TASK BRIEF
Nothing outside the range is wanted. Repeat exactly the lines below from the one with "obtain a where" through the one with "y \<le> ereal".

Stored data
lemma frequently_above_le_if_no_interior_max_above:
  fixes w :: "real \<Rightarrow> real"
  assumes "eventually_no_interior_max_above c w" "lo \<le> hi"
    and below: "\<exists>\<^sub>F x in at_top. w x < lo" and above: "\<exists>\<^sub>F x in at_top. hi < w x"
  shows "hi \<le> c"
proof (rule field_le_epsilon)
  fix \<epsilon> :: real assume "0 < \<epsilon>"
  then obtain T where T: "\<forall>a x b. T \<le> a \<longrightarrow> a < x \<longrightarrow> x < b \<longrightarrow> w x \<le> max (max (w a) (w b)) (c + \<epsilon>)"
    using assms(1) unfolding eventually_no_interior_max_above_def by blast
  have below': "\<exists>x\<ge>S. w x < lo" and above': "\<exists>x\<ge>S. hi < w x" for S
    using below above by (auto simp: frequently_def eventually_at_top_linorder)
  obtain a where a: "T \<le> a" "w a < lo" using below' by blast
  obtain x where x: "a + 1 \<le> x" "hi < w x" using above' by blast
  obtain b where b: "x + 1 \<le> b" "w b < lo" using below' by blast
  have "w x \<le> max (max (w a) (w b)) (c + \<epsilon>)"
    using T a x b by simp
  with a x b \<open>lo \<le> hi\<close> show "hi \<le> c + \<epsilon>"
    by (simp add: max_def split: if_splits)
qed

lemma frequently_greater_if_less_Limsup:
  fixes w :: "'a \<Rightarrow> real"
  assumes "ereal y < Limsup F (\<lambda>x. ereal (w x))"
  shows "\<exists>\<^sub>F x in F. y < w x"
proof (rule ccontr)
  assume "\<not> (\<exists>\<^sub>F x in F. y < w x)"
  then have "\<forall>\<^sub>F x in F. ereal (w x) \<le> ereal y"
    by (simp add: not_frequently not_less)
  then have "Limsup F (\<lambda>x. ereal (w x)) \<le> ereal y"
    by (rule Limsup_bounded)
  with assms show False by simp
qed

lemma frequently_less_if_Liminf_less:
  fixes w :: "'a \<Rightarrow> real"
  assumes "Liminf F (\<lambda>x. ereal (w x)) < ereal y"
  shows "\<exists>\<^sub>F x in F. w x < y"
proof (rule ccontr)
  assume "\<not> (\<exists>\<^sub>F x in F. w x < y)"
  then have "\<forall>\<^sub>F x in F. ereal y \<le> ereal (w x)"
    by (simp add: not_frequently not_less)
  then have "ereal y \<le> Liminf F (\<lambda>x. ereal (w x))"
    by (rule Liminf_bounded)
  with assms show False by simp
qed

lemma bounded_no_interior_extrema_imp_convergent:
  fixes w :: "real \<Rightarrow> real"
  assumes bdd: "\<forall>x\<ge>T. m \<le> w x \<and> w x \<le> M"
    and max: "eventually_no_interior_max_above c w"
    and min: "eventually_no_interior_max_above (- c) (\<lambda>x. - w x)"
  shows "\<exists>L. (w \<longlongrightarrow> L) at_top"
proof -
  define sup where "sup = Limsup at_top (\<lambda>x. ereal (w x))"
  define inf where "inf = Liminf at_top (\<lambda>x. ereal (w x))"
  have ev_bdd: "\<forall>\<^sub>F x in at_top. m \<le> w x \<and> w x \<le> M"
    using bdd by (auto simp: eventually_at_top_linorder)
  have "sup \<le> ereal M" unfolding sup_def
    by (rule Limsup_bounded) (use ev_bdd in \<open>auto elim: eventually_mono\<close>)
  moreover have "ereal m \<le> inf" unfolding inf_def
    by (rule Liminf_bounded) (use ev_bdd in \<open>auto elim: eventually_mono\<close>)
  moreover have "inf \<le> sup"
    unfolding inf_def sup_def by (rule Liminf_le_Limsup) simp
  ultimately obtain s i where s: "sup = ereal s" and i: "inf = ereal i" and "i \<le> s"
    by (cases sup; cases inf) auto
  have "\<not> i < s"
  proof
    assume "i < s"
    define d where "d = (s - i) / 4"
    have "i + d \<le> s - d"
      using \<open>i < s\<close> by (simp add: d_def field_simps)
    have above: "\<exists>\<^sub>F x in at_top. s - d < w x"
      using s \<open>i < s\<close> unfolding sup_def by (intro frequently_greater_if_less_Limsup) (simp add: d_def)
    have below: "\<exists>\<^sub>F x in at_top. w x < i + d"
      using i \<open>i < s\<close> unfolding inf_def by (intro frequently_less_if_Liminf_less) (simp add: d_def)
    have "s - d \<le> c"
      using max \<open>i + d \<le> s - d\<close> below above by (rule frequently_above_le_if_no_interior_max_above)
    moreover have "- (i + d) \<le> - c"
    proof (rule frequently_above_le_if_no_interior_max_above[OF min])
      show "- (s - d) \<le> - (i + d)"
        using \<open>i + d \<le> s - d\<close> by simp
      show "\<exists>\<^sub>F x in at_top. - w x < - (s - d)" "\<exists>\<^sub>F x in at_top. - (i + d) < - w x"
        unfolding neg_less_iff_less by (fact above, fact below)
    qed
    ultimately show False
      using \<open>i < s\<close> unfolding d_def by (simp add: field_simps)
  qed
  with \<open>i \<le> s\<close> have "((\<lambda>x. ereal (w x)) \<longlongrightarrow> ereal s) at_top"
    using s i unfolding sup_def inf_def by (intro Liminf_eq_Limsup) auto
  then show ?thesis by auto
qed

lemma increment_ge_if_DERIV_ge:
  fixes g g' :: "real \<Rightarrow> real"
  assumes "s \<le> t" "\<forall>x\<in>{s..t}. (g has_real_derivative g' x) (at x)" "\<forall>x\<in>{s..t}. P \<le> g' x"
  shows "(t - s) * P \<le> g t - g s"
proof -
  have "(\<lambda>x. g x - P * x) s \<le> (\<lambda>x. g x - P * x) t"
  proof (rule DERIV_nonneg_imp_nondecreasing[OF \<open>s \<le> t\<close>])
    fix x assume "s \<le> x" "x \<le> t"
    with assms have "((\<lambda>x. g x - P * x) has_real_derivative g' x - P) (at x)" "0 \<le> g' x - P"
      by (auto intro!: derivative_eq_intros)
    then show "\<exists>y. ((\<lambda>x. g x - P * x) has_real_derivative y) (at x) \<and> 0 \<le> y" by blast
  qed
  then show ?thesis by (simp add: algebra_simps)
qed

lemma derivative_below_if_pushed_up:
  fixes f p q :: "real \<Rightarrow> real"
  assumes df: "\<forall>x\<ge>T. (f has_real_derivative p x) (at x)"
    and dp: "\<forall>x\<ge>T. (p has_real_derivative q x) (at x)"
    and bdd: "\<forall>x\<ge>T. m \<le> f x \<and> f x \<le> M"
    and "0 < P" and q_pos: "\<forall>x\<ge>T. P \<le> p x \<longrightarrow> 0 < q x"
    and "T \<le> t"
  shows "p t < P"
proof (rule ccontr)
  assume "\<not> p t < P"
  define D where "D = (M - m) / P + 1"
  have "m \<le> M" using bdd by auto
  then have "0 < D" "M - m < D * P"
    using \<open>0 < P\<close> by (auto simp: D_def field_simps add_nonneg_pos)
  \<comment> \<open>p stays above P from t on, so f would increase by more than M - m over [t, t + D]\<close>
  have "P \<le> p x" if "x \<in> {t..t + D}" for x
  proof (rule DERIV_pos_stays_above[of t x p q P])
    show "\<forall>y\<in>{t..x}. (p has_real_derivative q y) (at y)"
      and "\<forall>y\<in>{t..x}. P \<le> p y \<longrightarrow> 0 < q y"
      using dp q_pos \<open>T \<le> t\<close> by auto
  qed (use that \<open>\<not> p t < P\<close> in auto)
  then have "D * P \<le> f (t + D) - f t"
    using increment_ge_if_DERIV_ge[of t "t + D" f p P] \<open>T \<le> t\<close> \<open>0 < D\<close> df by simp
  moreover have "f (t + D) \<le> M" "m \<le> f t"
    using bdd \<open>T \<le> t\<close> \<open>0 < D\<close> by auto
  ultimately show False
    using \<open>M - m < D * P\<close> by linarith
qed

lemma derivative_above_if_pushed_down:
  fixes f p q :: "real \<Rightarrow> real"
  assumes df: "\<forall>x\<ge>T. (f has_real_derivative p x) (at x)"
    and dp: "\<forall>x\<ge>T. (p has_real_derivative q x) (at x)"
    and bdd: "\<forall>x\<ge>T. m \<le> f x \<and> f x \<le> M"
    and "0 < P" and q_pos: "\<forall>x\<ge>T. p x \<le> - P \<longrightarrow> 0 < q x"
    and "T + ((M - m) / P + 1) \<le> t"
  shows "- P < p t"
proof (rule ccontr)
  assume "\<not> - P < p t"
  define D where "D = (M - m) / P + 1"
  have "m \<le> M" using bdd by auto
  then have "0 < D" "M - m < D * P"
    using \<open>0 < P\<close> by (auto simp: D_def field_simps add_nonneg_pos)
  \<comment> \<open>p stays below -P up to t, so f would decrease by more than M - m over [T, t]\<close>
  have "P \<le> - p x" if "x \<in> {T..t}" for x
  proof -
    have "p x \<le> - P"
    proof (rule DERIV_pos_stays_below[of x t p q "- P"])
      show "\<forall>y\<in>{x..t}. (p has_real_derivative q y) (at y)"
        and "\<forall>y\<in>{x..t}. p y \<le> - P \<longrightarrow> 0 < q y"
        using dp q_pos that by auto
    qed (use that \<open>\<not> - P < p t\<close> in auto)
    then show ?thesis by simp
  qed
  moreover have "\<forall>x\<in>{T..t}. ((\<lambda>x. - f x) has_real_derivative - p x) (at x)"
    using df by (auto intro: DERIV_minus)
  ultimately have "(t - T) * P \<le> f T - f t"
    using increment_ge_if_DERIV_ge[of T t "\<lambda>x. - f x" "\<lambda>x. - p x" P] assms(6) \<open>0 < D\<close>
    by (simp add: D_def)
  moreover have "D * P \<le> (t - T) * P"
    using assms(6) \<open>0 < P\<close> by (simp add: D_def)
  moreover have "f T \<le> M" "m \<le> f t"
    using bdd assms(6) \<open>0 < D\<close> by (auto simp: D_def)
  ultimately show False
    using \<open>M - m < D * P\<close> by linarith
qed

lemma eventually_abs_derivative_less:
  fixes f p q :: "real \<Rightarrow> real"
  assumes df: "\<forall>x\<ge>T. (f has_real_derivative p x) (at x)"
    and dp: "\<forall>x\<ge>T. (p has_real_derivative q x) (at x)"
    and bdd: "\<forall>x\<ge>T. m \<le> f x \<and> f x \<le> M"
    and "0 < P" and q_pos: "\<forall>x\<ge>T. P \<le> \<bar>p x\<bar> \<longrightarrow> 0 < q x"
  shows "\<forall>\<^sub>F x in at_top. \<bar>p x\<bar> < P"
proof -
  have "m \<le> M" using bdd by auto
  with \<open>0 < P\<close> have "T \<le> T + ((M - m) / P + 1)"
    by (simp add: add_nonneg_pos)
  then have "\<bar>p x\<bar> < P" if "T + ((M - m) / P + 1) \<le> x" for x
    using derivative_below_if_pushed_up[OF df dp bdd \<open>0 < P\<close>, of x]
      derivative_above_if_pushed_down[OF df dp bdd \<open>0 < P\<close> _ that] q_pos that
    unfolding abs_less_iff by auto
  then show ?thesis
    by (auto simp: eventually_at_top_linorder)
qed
...
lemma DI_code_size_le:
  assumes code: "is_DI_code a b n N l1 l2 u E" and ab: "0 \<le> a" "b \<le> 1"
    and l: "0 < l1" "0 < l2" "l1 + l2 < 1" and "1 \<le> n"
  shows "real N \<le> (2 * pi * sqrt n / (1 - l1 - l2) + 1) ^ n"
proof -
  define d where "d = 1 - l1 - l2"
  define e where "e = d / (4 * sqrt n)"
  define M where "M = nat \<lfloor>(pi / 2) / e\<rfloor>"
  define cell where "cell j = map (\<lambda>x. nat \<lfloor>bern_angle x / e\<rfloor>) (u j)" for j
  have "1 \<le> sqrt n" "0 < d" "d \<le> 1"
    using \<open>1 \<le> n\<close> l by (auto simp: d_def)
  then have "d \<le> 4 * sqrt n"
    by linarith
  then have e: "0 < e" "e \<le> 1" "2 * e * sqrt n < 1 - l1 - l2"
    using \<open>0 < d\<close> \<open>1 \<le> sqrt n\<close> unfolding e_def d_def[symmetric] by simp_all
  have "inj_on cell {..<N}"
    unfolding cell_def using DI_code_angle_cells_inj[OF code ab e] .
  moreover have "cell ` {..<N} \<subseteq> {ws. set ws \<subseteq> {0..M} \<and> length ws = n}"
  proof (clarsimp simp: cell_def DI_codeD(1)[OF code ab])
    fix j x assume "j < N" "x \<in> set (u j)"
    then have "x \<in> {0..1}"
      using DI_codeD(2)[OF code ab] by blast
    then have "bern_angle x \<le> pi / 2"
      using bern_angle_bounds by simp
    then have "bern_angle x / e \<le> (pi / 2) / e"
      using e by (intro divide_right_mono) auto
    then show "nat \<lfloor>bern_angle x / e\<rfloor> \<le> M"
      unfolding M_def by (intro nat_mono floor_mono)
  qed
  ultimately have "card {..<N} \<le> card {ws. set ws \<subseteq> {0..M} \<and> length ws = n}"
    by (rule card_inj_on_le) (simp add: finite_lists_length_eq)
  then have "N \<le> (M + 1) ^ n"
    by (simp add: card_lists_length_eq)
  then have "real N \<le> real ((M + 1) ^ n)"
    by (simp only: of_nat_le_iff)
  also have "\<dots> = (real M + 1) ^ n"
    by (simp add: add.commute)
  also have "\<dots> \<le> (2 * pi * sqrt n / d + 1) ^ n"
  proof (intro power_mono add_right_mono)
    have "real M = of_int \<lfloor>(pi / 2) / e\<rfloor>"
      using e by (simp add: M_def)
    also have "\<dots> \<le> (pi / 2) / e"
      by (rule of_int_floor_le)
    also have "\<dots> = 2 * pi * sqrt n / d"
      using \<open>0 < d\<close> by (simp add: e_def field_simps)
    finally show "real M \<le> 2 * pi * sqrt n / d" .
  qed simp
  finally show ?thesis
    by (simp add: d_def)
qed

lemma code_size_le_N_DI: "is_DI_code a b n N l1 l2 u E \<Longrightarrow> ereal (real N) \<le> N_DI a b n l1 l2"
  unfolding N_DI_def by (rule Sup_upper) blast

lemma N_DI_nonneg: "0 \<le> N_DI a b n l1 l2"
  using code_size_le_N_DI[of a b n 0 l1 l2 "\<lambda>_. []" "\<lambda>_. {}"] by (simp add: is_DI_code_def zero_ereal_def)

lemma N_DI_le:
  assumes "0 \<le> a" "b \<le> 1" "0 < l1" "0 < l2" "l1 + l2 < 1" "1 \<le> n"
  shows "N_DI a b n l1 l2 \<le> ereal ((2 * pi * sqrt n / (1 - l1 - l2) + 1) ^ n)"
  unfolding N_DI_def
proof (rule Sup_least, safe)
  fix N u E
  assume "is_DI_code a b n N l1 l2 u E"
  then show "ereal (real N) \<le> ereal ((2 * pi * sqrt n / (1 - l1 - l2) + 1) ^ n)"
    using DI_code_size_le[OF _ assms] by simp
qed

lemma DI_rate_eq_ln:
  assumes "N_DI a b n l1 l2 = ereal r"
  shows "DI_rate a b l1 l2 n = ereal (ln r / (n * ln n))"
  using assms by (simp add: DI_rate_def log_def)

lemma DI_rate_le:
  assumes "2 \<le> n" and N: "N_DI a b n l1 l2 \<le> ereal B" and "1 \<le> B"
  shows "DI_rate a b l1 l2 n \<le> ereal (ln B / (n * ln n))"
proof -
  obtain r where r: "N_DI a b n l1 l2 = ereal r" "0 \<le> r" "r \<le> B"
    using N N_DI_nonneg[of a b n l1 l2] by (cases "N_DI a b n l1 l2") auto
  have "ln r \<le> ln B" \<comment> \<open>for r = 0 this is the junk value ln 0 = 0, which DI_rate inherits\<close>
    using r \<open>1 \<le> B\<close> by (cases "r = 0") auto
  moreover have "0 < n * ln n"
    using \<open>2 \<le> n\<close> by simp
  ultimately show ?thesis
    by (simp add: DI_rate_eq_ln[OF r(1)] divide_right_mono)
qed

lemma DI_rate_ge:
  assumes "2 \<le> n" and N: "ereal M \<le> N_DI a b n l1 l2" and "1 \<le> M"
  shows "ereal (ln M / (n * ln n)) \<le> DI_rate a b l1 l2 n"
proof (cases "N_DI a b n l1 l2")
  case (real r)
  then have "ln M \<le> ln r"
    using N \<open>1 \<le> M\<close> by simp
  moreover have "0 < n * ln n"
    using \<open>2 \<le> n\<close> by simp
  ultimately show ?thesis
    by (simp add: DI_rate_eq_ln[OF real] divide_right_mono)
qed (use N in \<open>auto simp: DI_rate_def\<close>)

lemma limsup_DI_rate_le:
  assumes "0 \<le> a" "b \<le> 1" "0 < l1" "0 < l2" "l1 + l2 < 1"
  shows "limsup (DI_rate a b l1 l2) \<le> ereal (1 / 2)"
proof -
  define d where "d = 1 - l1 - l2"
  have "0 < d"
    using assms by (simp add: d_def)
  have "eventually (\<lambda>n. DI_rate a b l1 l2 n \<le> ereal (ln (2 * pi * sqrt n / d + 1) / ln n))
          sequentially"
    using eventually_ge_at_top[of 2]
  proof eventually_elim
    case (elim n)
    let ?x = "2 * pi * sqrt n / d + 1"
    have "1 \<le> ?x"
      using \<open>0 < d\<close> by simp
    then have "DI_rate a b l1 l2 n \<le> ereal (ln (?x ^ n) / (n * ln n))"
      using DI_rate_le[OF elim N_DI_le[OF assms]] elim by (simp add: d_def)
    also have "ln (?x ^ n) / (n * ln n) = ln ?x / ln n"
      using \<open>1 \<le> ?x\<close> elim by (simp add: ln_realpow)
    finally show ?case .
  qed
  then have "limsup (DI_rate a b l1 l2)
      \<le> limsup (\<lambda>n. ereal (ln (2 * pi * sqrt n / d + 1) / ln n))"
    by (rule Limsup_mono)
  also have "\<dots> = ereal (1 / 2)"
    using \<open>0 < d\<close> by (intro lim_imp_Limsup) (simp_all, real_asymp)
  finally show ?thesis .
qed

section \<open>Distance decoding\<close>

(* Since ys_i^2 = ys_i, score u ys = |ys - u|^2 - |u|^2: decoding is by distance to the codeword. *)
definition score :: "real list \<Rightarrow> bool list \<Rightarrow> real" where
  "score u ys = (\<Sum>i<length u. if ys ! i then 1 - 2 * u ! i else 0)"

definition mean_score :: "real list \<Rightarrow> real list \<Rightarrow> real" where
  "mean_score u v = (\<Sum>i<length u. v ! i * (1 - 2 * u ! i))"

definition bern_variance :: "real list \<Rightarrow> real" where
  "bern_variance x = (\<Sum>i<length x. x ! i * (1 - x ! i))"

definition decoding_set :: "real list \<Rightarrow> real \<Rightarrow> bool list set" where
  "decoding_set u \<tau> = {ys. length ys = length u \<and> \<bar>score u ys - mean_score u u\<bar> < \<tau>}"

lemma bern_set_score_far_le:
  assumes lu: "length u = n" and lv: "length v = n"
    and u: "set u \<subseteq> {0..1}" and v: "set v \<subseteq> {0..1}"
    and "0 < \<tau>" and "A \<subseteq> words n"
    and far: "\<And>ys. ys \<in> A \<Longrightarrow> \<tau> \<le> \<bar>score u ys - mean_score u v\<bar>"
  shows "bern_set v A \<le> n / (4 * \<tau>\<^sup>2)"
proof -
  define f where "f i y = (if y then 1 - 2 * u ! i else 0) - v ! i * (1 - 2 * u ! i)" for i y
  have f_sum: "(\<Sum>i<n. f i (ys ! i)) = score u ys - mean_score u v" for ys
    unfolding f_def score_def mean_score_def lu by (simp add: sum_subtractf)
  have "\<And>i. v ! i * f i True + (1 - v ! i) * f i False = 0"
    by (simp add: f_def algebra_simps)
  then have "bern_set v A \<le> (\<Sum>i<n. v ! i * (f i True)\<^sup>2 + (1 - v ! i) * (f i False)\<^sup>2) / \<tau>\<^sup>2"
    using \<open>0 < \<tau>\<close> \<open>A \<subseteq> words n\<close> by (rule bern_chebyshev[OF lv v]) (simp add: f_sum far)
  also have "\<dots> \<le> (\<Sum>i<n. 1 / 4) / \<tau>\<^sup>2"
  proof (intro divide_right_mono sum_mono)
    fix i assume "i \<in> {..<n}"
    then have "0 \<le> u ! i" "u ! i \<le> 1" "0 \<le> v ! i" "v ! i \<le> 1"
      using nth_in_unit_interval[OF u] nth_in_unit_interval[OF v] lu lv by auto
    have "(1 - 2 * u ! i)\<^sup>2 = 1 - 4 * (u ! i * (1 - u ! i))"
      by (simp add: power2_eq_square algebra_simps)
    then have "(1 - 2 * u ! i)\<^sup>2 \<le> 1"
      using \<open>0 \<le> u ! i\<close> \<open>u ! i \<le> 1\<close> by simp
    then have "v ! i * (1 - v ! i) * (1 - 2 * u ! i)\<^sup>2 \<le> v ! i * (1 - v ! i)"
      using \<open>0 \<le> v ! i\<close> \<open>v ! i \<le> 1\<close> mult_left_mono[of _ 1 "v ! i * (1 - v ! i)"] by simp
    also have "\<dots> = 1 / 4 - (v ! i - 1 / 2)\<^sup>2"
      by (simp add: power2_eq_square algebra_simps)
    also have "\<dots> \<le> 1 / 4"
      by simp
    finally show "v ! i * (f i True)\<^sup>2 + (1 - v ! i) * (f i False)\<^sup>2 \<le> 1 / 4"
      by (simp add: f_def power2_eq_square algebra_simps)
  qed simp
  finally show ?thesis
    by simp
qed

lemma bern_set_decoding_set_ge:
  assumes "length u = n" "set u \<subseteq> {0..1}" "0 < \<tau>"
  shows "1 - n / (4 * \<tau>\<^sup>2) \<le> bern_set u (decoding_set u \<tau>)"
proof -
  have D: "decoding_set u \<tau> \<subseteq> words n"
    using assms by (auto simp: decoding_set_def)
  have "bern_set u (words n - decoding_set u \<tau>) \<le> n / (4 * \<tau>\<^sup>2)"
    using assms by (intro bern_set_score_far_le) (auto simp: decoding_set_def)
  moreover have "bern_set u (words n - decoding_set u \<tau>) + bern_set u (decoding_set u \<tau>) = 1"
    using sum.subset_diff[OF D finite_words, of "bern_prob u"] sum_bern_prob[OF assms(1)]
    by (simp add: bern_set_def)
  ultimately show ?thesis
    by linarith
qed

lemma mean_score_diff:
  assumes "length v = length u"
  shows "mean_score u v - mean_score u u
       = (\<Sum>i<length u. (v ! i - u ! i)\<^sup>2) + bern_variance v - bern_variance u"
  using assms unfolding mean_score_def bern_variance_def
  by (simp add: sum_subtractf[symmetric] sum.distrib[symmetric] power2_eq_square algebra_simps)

ANSWER SPACE
  obtain a where a: "T \<le> a" "w a < lo" using below' by blast
  obtain x where x: "a + 1 \<le> x" "hi < w x" using above' by blast
  obtain b where b: "x + 1 \<le> b" "w b < lo" using below' by blast
  have "w x \<le> max (max (w a) (w b)) (c + \<epsilon>)"
    using T a x b by simp
  with a x b \<open>lo \<le> hi\<close> show "hi \<le> c + \<epsilon>"
    by (simp add: max_def split: if_splits)
qed

lemma frequently_greater_if_less_Limsup:
  fixes w :: "'a \<Rightarrow> real"
  assumes "ereal y < Limsup F (\<lambda>x. ereal (w x))"
  shows "\<exists>\<^sub>F x in F. y < w x"
proof (rule ccontr)
  assume "\<not> (\<exists>\<^sub>F x in F. y < w x)"
  then have "\<forall>\<^sub>F x in F. ereal (w x) \<le> ereal y"
    by (simp add: not_frequently not_less)
  then have "Limsup F (\<lambda>x. ereal (w x)) \<le> ereal y"
    by (rule Limsup_bounded)
  with assms show False by simp
qed

lemma frequently_less_if_Liminf_less:
  fixes w :: "'a \<Rightarrow> real"
  assumes "Liminf F (\<lambda>x. ereal (w x)) < ereal y"
  shows "\<exists>\<^sub>F x in F. w x < y"
proof (rule ccontr)
  assume "\<not> (\<exists>\<^sub>F x in F. w x < y)"
  then have "\<forall>\<^sub>F x in F. ereal y \<le> ereal (w x)"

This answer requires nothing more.